Gridley v. Tilson, supra, and the rule therein laid down and above quoted are cited with approval in the case of W. J. Latchford Co. v. Southern Cal. Gas Co., 125 Cal. App. 112, 13 P.(2d) 871, wherein are listed several other California cases in support of the same principle. There is a diversity of authority elsewhere, but the rule is established by judicial sanction in this state.

Respondents attempt to distinguish this case from the Gridley Case by pointing out that here we have an exclusive or general agency, while in the latter the representative was acting as a special agent. The Gridley Case in no way turned on the ground the agent was designated as a special agent. There is no basis in reason for the application of a different rule where there is a general agency.

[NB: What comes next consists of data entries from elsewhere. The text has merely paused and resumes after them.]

lemma Urv_le_deviation_plus_offset:
  fixes P :: "((nat \<Rightarrow> 'a) \<times> 'y::finite) pmf"
  assumes fin: "\<And>k. k < d \<Longrightarrow> finite (Ak k)"
    and supp: "set_pmf P = PiE {..<d} Ak \<times> UNIV" and z: "z \<in> set_pmf P"
  shows "Urv P z \<le> \<bar>Lyrv d P z - Lrv d P z - (TCcond d P - TC d P)\<bar> + Max (range (epsilon1_offset d Ak P))"
proof -
  obtain a y where z_eq: "z = (a, y)"
    by (cases z)
  have a: "a k \<in> Ak k" if "k < d" for k
    using z supp that by (auto simp: z_eq)
  have pY: "0 < pY P y"
    unfolding pY_def using z by (intro measure_pmf_posI) (auto simp: z_eq)
  define c where "c = (\<Sum>k<d. ln (pY_given_Ak P y k (a k) / pY P y))"
  have "c \<le> (\<Sum>k<d. ln (Max ((\<lambda>x. pY_given_Ak P y k x) ` Ak k) / pY P y))"
    unfolding c_def
  proof (rule sum_mono)
    fix k assume "k \<in> {..<d}"
    then show "ln (pY_given_Ak P y k (a k) / pY P y)
        \<le> ln (Max ((\<lambda>x. pY_given_Ak P y k x) ` Ak k) / pY P y)"
      by (intro ln_div_bounded_by_Min_Max(2)[where f = "\<lambda>x. pY_given_Ak P y k x"])
        (auto simp: fin a pY pY_given_Ak_pos[OF supp])
  qed
  moreover have "- c \<le> (\<Sum>k<d. ln (pY P y / Min ((\<lambda>x. pY_given_Ak P y k x) ` Ak k)))"
    unfolding c_def sum_negf[symmetric]
  proof (rule sum_mono)
    fix k assume "k \<in> {..<d}"
    then show "- ln (pY_given_Ak P y k (a k) / pY P y)
        \<le> ln (pY P y / Min ((\<lambda>x. pY_given_Ak P y k x) ` Ak k))"
      by (intro ln_div_bounded_by_Min_Max(1)[where f = "\<lambda>x. pY_given_Ak P y k x"])
        (auto simp: fin a pY pY_given_Ak_pos[OF supp])
  qed
  moreover have "Urv P z = \<bar>Lyrv d P z - Lrv d P z + c\<bar>"
    unfolding Urv_def c_def z_eq using ln_pY_given_A_div_pY[OF z[unfolded z_eq]] by simp
  moreover have "epsilon1_offset d Ak P y \<le> Max (range (epsilon1_offset d Ak P))"
    by (rule Max_ge) auto
  ultimately show ?thesis
    unfolding epsilon1_offset_def by linarith
qed

theorem mainTheorem4:
  fixes d :: nat and Ak :: "nat \<Rightarrow> 'a set"
    and P :: "((nat \<Rightarrow> 'a) \<times> 'y::finite) pmf" and \<delta> :: real
  assumes "\<And>k. k < d \<Longrightarrow> finite (Ak k)"
    and "set_pmf P = PiE {..<d} Ak \<times> UNIV"
    and "0 < \<delta>" and "\<delta> \<le> 1"
  shows "measure_pmf.prob P {z. Urv P z > epsilon1 d Ak P \<delta>} \<le> \<delta>"
proof -
  have fin_supp: "finite (set_pmf P)"
    unfolding assms(2) using assms(1) by (intro finite_cartesian_product finite_PiE) auto
  define D where "D = (\<lambda>z. Lyrv d P z - Lrv d P z)"
  define t where "t = ((sigmaL d P) powr (2/3) + (sigmaLy d P) powr (2/3)) powr (3/2) / sqrt \<delta>"
  have ED: "measure_pmf.expectation P D = TCcond d P - TC d P"
    unfolding D_def TCcond_def TC_def by (simp add: integrable_measure_pmf_finite[OF fin_supp])
  have "measure_pmf.variance P D \<le> \<delta> * t\<^sup>2"
    using sqrt_variance_Lyrv_diff_Lrv_le[OF fin_supp, of d] assms(3)
    by (simp add: D_def t_def power_divide sqrt_le_D)
  then have "measure_pmf.prob P {z. t < \<bar>D z - measure_pmf.expectation P D\<bar>} \<le> \<delta>"
    using measure_pmf.prob_abs_deviation_gt_le[of D P \<delta> t] assms(3)
    by (simp add: integrable_measure_pmf_finite[OF fin_supp] t_def)
  moreover have "Urv P z \<le> \<bar>D z - measure_pmf.expectation P D\<bar> + Max (range (epsilon1_offset d Ak P))"
    if "z \<in> set_pmf P" for z
    using Urv_le_deviation_plus_offset[OF assms(1,2) that] unfolding D_def ED[unfolded D_def] .
  then have "measure_pmf.prob P {z. Urv P z > epsilon1 d Ak P \<delta>}
      \<le> measure_pmf.prob P {z. t < \<bar>D z - measure_pmf.expectation P D\<bar>}"
    by (intro measure_pmf.finite_measure_mono_AE)
      (fastforce simp: AE_measure_pmf_iff epsilon1_eq t_def, simp)
  ultimately show ?thesis
    by linarith
qed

“If specific instructions are brought home to the knowledge of a third person dealing with the agent it cannot matter whether he is a general or a special agent; in either case his power to bind his principal will be limited by these known instructions or limitations.” 2 C. J. 570.

The cases in this state which hold that fraudulent representations may be established by parol despite notice of limitation of the agent's authority contained in the contract between the vendor and purchaser and which may appear to be in conflict with the rule herein expressed are to be distinguished in that in those cases either there is the absence of a clause in the contract such as is found in the instant case or the misrepresentations declared upon were made by the principal personally.

The proof disclosed that the plaintiffs contracted to pay $9,000 for real property of the value of $1,500. The testimony is without conflict upon the point that the purchase price and any representation of value were based upon the prospective enhancement in value which would result from the contruction of the terminal by third parties. Plaintiffs contracted to purchase with a full understanding of this. One who accepts the fruits of fraud with knowledge of the misrepresentations by which they are obtained is liable therefor, even though he did not participate in the fraud. The disparity between the contract price and market value of the property is not evidence that appellants knew that a fraud had been perpetrated, particularly in view of the circumstances above noted.

Other points raised by appellants to the effect that the representations made are not actionable and that the evidence discloses that respondents did not rely thereon need not be passed upon in view of the conclusion which we have reached upon the others discussed.

The judgment is reversed.

Mr. Justice pro tem. LEMMON delivered the opinion of the court.

We concur: PLUMMER, J.; PULLEN, P. J.